(PROBLEM DETAILS)
Copy out each line from the start of the material below until the line with "text \<open>D : distribution", that line included.

************

(* Let $0<\varepsilon<1$ and $N\ge1$. Then for every $t$, $$\left|F(t)-\hat F_N(t)\right|\le\left(\frac{\hat F_N(t)\big(1-\hat F_N(t)\big)}{N\varepsilon}\right)^{1/2}+\left(\frac1N+\frac{1}{N\varepsilon^{1/2}}\right)\left|\sum_{n=1}^N\mathds{1}\Big(\hat Q^{[n]}-\big|e_Q^{[n]}\big|\le t\le\hat Q^{[n]}+\big|e_Q^{[n]}\big|\Big)\right|+\frac{2}{(2N\varepsilon)^{3/4}}$$ with probability greater than or equal to $1-2\varepsilon+\varepsilon^2$.
   Context: Consider the initial value problem $\dot y=f(y,t;\theta)$, $t\in(0,T]$, $y(0)=y_0$, where $\theta$ is a random parameter, and a linear functional $S$ and threshold $R$. The quantity of interest $Q(y;\theta)=\min_{t\in(0,T]}\arg(S(y(t;\theta))=R)$ (the first time the threshold is reached, assumed to exist) is a random variable with cumulative distribution function $F(t)=P(\{\theta:Q(y;\theta)\le t\})$. Let $\theta^{[1]},\dots,\theta^{[N]}$ be independent samples of $\theta$ (Monte Carlo sampling), let $Q^{[n]}$ be the exact value of the QoI for $\theta^{[n]}$, and let $\hat Q^{[n]}$ be the value computed from a numerical solution $Y^{[n]}$ for $\theta^{[n]}$, with error $e_Q^{[n]}=Q^{[n]}-\hat Q^{[n]}$. Define the nominal empirical CDF $F_N(t)=\frac1N\sum_{n=1}^N\mathds{1}(Q^{[n]}\le t)$ and the approximate empirical CDF $\hat F_N(t)=\frac1N\sum_{n=1}^N\mathds{1}(\hat Q^{[n]}\le t)$, where $\mathds{1}$ is the indicator function. *)

theory Defs
  imports "HOL-Probability.Probability"
begin

text \<open>D : distribution of the random parameter theta; Q : exact QoI as a function
  of theta; Qh : QoI computed from the numerical solution for theta.
  A Monte Carlo sample of size N is a point w of the product space
  sample_space D N, i.e. w n = theta^[n] for n in {1..N}.\<close>

definition cdf_QoI :: "'p measure \<Rightarrow> ('p \<Rightarrow> real) \<Rightarrow> real \<Rightarrow> real" where
  "cdf_QoI D Q t = measure D {th \<in> space D. Q th \<le> t}"

definition sample_space :: "'p measure \<Rightarrow> nat \<Rightarrow> (nat \<Rightarrow> 'p) measure" where
  "sample_space D N = PiM {1..N} (\<lambda>_. D)"

definition ecdf :: "nat \<Rightarrow> ('p \<Rightarrow> real) \<Rightarrow> (nat \<Rightarrow> 'p) \<Rightarrow> real \<Rightarrow> real" where
  "ecdf N Q w t = (1 / real N) * (\<Sum>n=1..N. if Q (w n) \<le> t then 1 else 0)"

end

theory Submission
  imports Defs
begin

(* Write G = F_N(t) and H = \hat F_N(t).  G is the mean of N independent Bernoulli(F(t))
   variables, so E (G - F(t))^2 = F(1 - F)/N, and Chebyshev's inequality shows that outside an
   event of probability at most \<epsilon> we have (G - F)^2 < (F(1 - F) + \<beta>)/(N\<epsilon>), where
   \<beta> = 1/(4 sqrt (N\<epsilon>)).  On that event the argument is deterministic.  G and H differ by
   at most K/N, K being the number of samples whose error interval [\hat Q - |e_Q|, \hat Q + |e_Q|]
   contains t, and a(1 - a) is 1-Lipschitz on [0,1]; hence d = |F - G| satisfies
   d^2 < (H(1 - H) + K/N + d + \<beta>)/(N\<epsilon>).  Since also d < 1/sqrt (2N\<epsilon>), splitting the
   square root yields the three terms of the bound.  The resulting probability 1 - \<epsilon> is at
   least (1 - \<epsilon>)^2. *)

definition deviation_threshold :: "real \<Rightarrow> real \<Rightarrow> real" where
  "deviation_threshold F x = (F * (1 - F) + 1 / (4 * sqrt x)) / x"

lemma mult_one_minus_le_add_abs_diff:
  fixes a b :: real
  assumes "0 \<le> a" "a \<le> 1" "0 \<le> b" "b \<le> 1"
  shows "a * (1 - a) \<le> b * (1 - b) + \<bar>a - b\<bar>"
proof -
  have "a * (1 - a) - b * (1 - b) = (a - b) * (1 - a - b)"
    by algebra
  also have "\<dots> \<le> \<bar>a - b\<bar> * \<bar>1 - a - b\<bar>"
    by (simp add: abs_mult[symmetric])
  also have "\<dots> \<le> \<bar>a - b\<bar>"
    using assms by (intro mult_left_le) auto
  finally show ?thesis by simp
qed

lemma sqrt_of_nat_le_self: "sqrt (real k) \<le> real k"
proof (cases "k = 0")
  case False
  then have "sqrt (real k) * 1 \<le> sqrt (real k) * sqrt (real k)"
    by (intro mult_left_mono) auto
  then show ?thesis by simp
qed simp

lemma power2_two_div_powr_three_quarters:
  fixes x :: real
  assumes "0 < x"
  shows "(2 / (2 * x) powr (3 / 4))\<^sup>2 = sqrt 2 / (x * sqrt x)"
proof -
  have "((2 * x) powr (3 / 4))\<^sup>2 = (2 * x) powr (1 + 1 / 2)"
    using assms by (simp add: powr_power flip: powr_add)
  also have "\<dots> = (2 * x) powr 1 * (2 * x) powr (1 / 2)"
    by (rule powr_add)
  also have "\<dots> = 2 * x * (sqrt 2 * sqrt x)"
    using assms by (simp add: powr_half_sqrt real_sqrt_mult)
  finally have "((2 * x) powr (3 / 4))\<^sup>2 = 2 * x * (sqrt 2 * sqrt x)" .
  moreover have "sqrt 2 * sqrt 2 = (2 :: real)" by simp
  ultimately show ?thesis
    using assms by (simp add: power_divide field_simps)
qed

lemma sqrt_div_le_two_div_powr_three_quarters:
  fixes s x :: real
  assumes "0 < x" "s \<le> sqrt 2 / sqrt x"
  shows "sqrt (s / x) \<le> 2 / (2 * x) powr (3 / 4)"
proof -
  have "s / x \<le> sqrt 2 / sqrt x / x"
    using assms by (intro divide_right_mono) auto
  also have "\<dots> = (2 / (2 * x) powr (3 / 4))\<^sup>2"
    using assms by (subst power2_two_div_powr_three_quarters) (auto simp: field_simps)
  finally show ?thesis
    using assms by (simp add: real_le_lsqrt)
qed

lemma self_bounding_deviation_le:
  fixes d V W r x :: real
  assumes "0 \<le> d" "1 < x" "0 \<le> W" "0 \<le> r" "V \<le> 1 / 4" "V \<le> W + r + d"
    and d_sq: "d\<^sup>2 < (V + 1 / (4 * sqrt x)) / x"
  shows "d \<le> sqrt (W / x) + sqrt (r / x) + 2 / (2 * x) powr (3 / 4)"
proof -
  define \<beta> where "\<beta> = 1 / (4 * sqrt x)"
  have "1 < sqrt x"
    using assms by simp
  then have \<beta>: "0 < \<beta>" "\<beta> \<le> 1 / 4"
    by (auto simp: \<beta>_def)
  have d_sq': "d\<^sup>2 < (V + \<beta>) / x"
    using d_sq by (simp add: \<beta>_def)
  have "(V + \<beta>) / x \<le> (1 / 2) / x"
    using \<beta> assms by (intro divide_right_mono) auto
  then have "d < sqrt ((1 / 2) / x)"
    using d_sq' assms by (simp add: real_less_rsqrt)
  also have "\<dots> = 1 / (sqrt 2 * sqrt x)"
    by (simp add: real_sqrt_divide real_sqrt_mult)
  finally have "d + \<beta> \<le> (1 / sqrt 2 + 1 / 4) / sqrt x"
    by (simp add: \<beta>_def add_divide_distrib)
  also have "\<dots> \<le> sqrt 2 / sqrt x"
  proof -
    have "1 / sqrt 2 = sqrt 2 / 2"
      by (simp add: field_simps)
    moreover have "1 \<le> sqrt 2"
      by simp
    ultimately have "1 / sqrt 2 + 1 / 4 \<le> sqrt 2"
      by linarith
    then show ?thesis
      using \<open>1 < sqrt x\<close> by (intro divide_right_mono) auto
  qed
  finally have tail: "sqrt ((d + \<beta>) / x) \<le> 2 / (2 * x) powr (3 / 4)"
    using assms by (intro sqrt_div_le_two_div_powr_three_quarters) auto
  have "(V + \<beta>) / x \<le> (W + r + (d + \<beta>)) / x"
    using assms by (intro divide_right_mono) auto
  then have "d\<^sup>2 < W / x + r / x + (d + \<beta>) / x"
    using d_sq' by (simp add: add_divide_distrib)
  then have "d < sqrt (W / x + r / x + (d + \<beta>) / x)"
    using assms by (simp add: real_less_rsqrt)
  also have "\<dots> \<le> sqrt (W / x) + sqrt (r / x) + sqrt ((d + \<beta>) / x)"
    using assms \<beta> sqrt_add_le_add_sqrt[of "W / x" "r / x"]
      sqrt_add_le_add_sqrt[of "W / x + r / x" "(d + \<beta>) / x"]
    by simp
  finally show ?thesis
    using tail by simp
qed

lemma cdf_error_le_of_small_deviation:
  fixes F G H n \<epsilon> :: real and k :: nat
  assumes F: "0 \<le> F" "F \<le> 1" and G: "0 \<le> G" "G \<le> 1" and H: "0 \<le> H" "H \<le> 1"
    and "0 < n" "0 < \<epsilon>"
    and G_H: "\<bar>G - H\<bar> \<le> k / n"
    and deviation: "(G - F)\<^sup>2 < deviation_threshold F (n * \<epsilon>)"
  shows "\<bar>F - H\<bar> \<le> sqrt (H * (1 - H) / (n * \<epsilon>)) + (1 / n + 1 / (n * sqrt \<epsilon>)) * k
           + 2 / (2 * n * \<epsilon>) powr (3 / 4)"
proof (cases "n * \<epsilon> \<le> 1")
  case True
  have "(2 * n * \<epsilon>) powr (3 / 4) \<le> 2 powr (3 / 4)"
    using True assms by (intro powr_mono2) auto
  also have "\<dots> \<le> 2 powr 1"
    by (intro powr_mono) auto
  finally have "1 \<le> 2 / (2 * n * \<epsilon>) powr (3 / 4)"
    using assms by simp
  moreover have "\<bar>F - H\<bar> \<le> 1"
    using F H by linarith
  moreover have "0 \<le> sqrt (H * (1 - H) / (n * \<epsilon>))"
    using H assms by simp
  moreover have "0 \<le> (1 / n + 1 / (n * sqrt \<epsilon>)) * k"
    using assms by simp
  ultimately show ?thesis
    by linarith
next
  case False
  define d where "d = \<bar>F - G\<bar>"
  have "F * (1 - F) \<le> 1 / 4"
    using zero_le_power2[of "F - 1 / 2"] by (simp add: power2_eq_square algebra_simps)
  moreover have "F * (1 - F) \<le> H * (1 - H) + k / n + d"
    using mult_one_minus_le_add_abs_diff[OF F G] mult_one_minus_le_add_abs_diff[OF G H] G_H
    unfolding d_def by linarith
  moreover have "d\<^sup>2 < (F * (1 - F) + 1 / (4 * sqrt (n * \<epsilon>))) / (n * \<epsilon>)"
    using deviation by (simp add: d_def deviation_threshold_def power2_commute)
  ultimately have "d \<le> sqrt (H * (1 - H) / (n * \<epsilon>)) + sqrt (k / n / (n * \<epsilon>))
                     + 2 / (2 * n * \<epsilon>) powr (3 / 4)"
    using False H assms
      self_bounding_deviation_le[where d = d and x = "n * \<epsilon>" and W = "H * (1 - H)"
        and r = "k / n" and V = "F * (1 - F)"]
    by (auto simp: d_def mult.assoc)
  moreover have "sqrt (k / n / (n * \<epsilon>)) = sqrt k / (n * sqrt \<epsilon>)"
    using assms by (simp add: real_sqrt_divide real_sqrt_mult)
  moreover have "sqrt k / (n * sqrt \<epsilon>) \<le> k / (n * sqrt \<epsilon>)"
    using assms sqrt_of_nat_le_self[of k] by (intro divide_right_mono) auto
  moreover have "\<bar>F - H\<bar> \<le> d + k / n"
    using G_H unfolding d_def by linarith
  ultimately show ?thesis
    by (simp add: distrib_right)
qed

lemma prod_subset_extend_one:
  assumes "finite I" "J \<subseteq> I"
  shows "(\<Prod>i\<in>J. f i (x i)) = (\<Prod>i\<in>I. (if i \<in> J then f i else (\<lambda>_. 1)) (x i))"
  using assms by (intro prod.mono_neutral_cong_left) auto

context product_prob_space
begin

lemma product_integrable_prod_subset:
  fixes f :: "'i \<Rightarrow> 'a \<Rightarrow> real"
  assumes "finite I" "J \<subseteq> I" "\<And>i. i \<in> J \<Longrightarrow> integrable (M i) (f i)"
  shows "integrable (Pi\<^sub>M I M) (\<lambda>x. \<Prod>i\<in>J. f i (x i))"
  unfolding prod_subset_extend_one[OF assms(1,2)]
  using assms by (intro product_integrable_prod) auto

lemma product_integral_prod_subset:
  fixes f :: "'i \<Rightarrow> 'a \<Rightarrow> real"
  assumes "finite I" "J \<subseteq> I" "\<And>i. i \<in> J \<Longrightarrow> integrable (M i) (f i)"
  shows "(\<integral>x. (\<Prod>i\<in>J. f i (x i)) \<partial>Pi\<^sub>M I M) = (\<Prod>i\<in>J. integral\<^sup>L (M i) (f i))"
proof -
  have "(\<integral>x. (\<Prod>i\<in>J. f i (x i)) \<partial>Pi\<^sub>M I M)
      = (\<Prod>i\<in>I. integral\<^sup>L (M i) (if i \<in> J then f i else (\<lambda>_. 1)))"
    unfolding prod_subset_extend_one[OF assms(1,2)]
    using assms by (intro product_integral_prod) auto
  also have "\<dots> = (\<Prod>i\<in>J. integral\<^sup>L (M i) (f i))"
    using assms by (intro prod.mono_neutral_cong_right) (auto simp: M.prob_space)
  finally show ?thesis .
qed

lemma product_integral_square_sum_centered:
  fixes y :: "'i \<Rightarrow> 'a \<Rightarrow> real"
  assumes "finite I"
    and y_borel: "\<And>i. i \<in> I \<Longrightarrow> y i \<in> borel_measurable (M i)"
    and y_square: "\<And>i. i \<in> I \<Longrightarrow> integrable (M i) (\<lambda>z. (y i z)\<^sup>2)"
    and "\<And>i. i \<in> I \<Longrightarrow> (\<integral>z. y i z \<partial>M i) = 0"
  shows "(\<integral>x. (\<Sum>i\<in>I. y i (x i))\<^sup>2 \<partial>Pi\<^sub>M I M) = (\<Sum>i\<in>I. \<integral>z. (y i z)\<^sup>2 \<partial>M i)"
proof -
  have y_int: "integrable (M i) (y i)" if "i \<in> I" for i
    using M.square_integrable_imp_integrable[OF y_borel[OF that] y_square[OF that]] .
  have pair: "integrable (Pi\<^sub>M I M) (\<lambda>x. y i (x i) * y j (x j)) \<and>
      (\<integral>x. y i (x i) * y j (x j) \<partial>Pi\<^sub>M I M) = (if i = j then \<integral>z. (y i z)\<^sup>2 \<partial>M i else 0)"
    if "i \<in> I" "j \<in> I" for i j
  proof (cases "i = j")
    case True
    have "y i (x i) * y j (x j) = (\<Prod>k\<in>{i}. (y k (x k))\<^sup>2)" for x
      using True by (simp add: power2_eq_square)
    then show ?thesis
      using True that assms product_integrable_prod_subset[of "{i}" "\<lambda>k z. (y k z)\<^sup>2"]
        product_integral_prod_subset[of "{i}" "\<lambda>k z. (y k z)\<^sup>2"]
      by simp
  next
    case False
    have "y i (x i) * y j (x j) = (\<Prod>k\<in>{i, j}. y k (x k))" for x
      using False by simp
    then show ?thesis
      using False that assms y_int product_integrable_prod_subset[of "{i, j}" y]
        product_integral_prod_subset[of "{i, j}" y]
      by auto
  qed
  have "(\<integral>x. (\<Sum>i\<in>I. y i (x i))\<^sup>2 \<partial>Pi\<^sub>M I M)
      = (\<integral>x. (\<Sum>i\<in>I. \<Sum>j\<in>I. y i (x i) * y j (x j)) \<partial>Pi\<^sub>M I M)"
    by (simp add: power2_eq_square sum_product)
  also have "\<dots> = (\<Sum>i\<in>I. \<Sum>j\<in>I. \<integral>x. y i (x i) * y j (x j) \<partial>Pi\<^sub>M I M)"
    using pair by (simp add: Bochner_Integration.integral_sum Bochner_Integration.integrable_sum)
  also have "\<dots> = (\<Sum>i\<in>I. \<Sum>j\<in>I. if i = j then \<integral>z. (y i z)\<^sup>2 \<partial>M i else 0)"
    using pair by (intro sum.cong refl) auto
  also have "\<dots> = (\<Sum>i\<in>I. \<integral>z. (y i z)\<^sup>2 \<partial>M i)"
    using assms by simp
  finally show ?thesis .
qed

************

(REPLY)
(* Let $0<\varepsilon<1$ and $N\ge1$. Then for every $t$, $$\left|F(t)-\hat F_N(t)\right|\le\left(\frac{\hat F_N(t)\big(1-\hat F_N(t)\big)}{N\varepsilon}\right)^{1/2}+\left(\frac1N+\frac{1}{N\varepsilon^{1/2}}\right)\left|\sum_{n=1}^N\mathds{1}\Big(\hat Q^{[n]}-\big|e_Q^{[n]}\big|\le t\le\hat Q^{[n]}+\big|e_Q^{[n]}\big|\Big)\right|+\frac{2}{(2N\varepsilon)^{3/4}}$$ with probability greater than or equal to $1-2\varepsilon+\varepsilon^2$.
   Context: Consider the initial value problem $\dot y=f(y,t;\theta)$, $t\in(0,T]$, $y(0)=y_0$, where $\theta$ is a random parameter, and a linear functional $S$ and threshold $R$. The quantity of interest $Q(y;\theta)=\min_{t\in(0,T]}\arg(S(y(t;\theta))=R)$ (the first time the threshold is reached, assumed to exist) is a random variable with cumulative distribution function $F(t)=P(\{\theta:Q(y;\theta)\le t\})$. Let $\theta^{[1]},\dots,\theta^{[N]}$ be independent samples of $\theta$ (Monte Carlo sampling), let $Q^{[n]}$ be the exact value of the QoI for $\theta^{[n]}$, and let $\hat Q^{[n]}$ be the value computed from a numerical solution $Y^{[n]}$ for $\theta^{[n]}$, with error $e_Q^{[n]}=Q^{[n]}-\hat Q^{[n]}$. Define the nominal empirical CDF $F_N(t)=\frac1N\sum_{n=1}^N\mathds{1}(Q^{[n]}\le t)$ and the approximate empirical CDF $\hat F_N(t)=\frac1N\sum_{n=1}^N\mathds{1}(\hat Q^{[n]}\le t)$, where $\mathds{1}$ is the indicator function. *)

theory Defs
  imports "HOL-Probability.Probability"
begin

text \<open>D : distribution of the random parameter theta; Q : exact QoI as a function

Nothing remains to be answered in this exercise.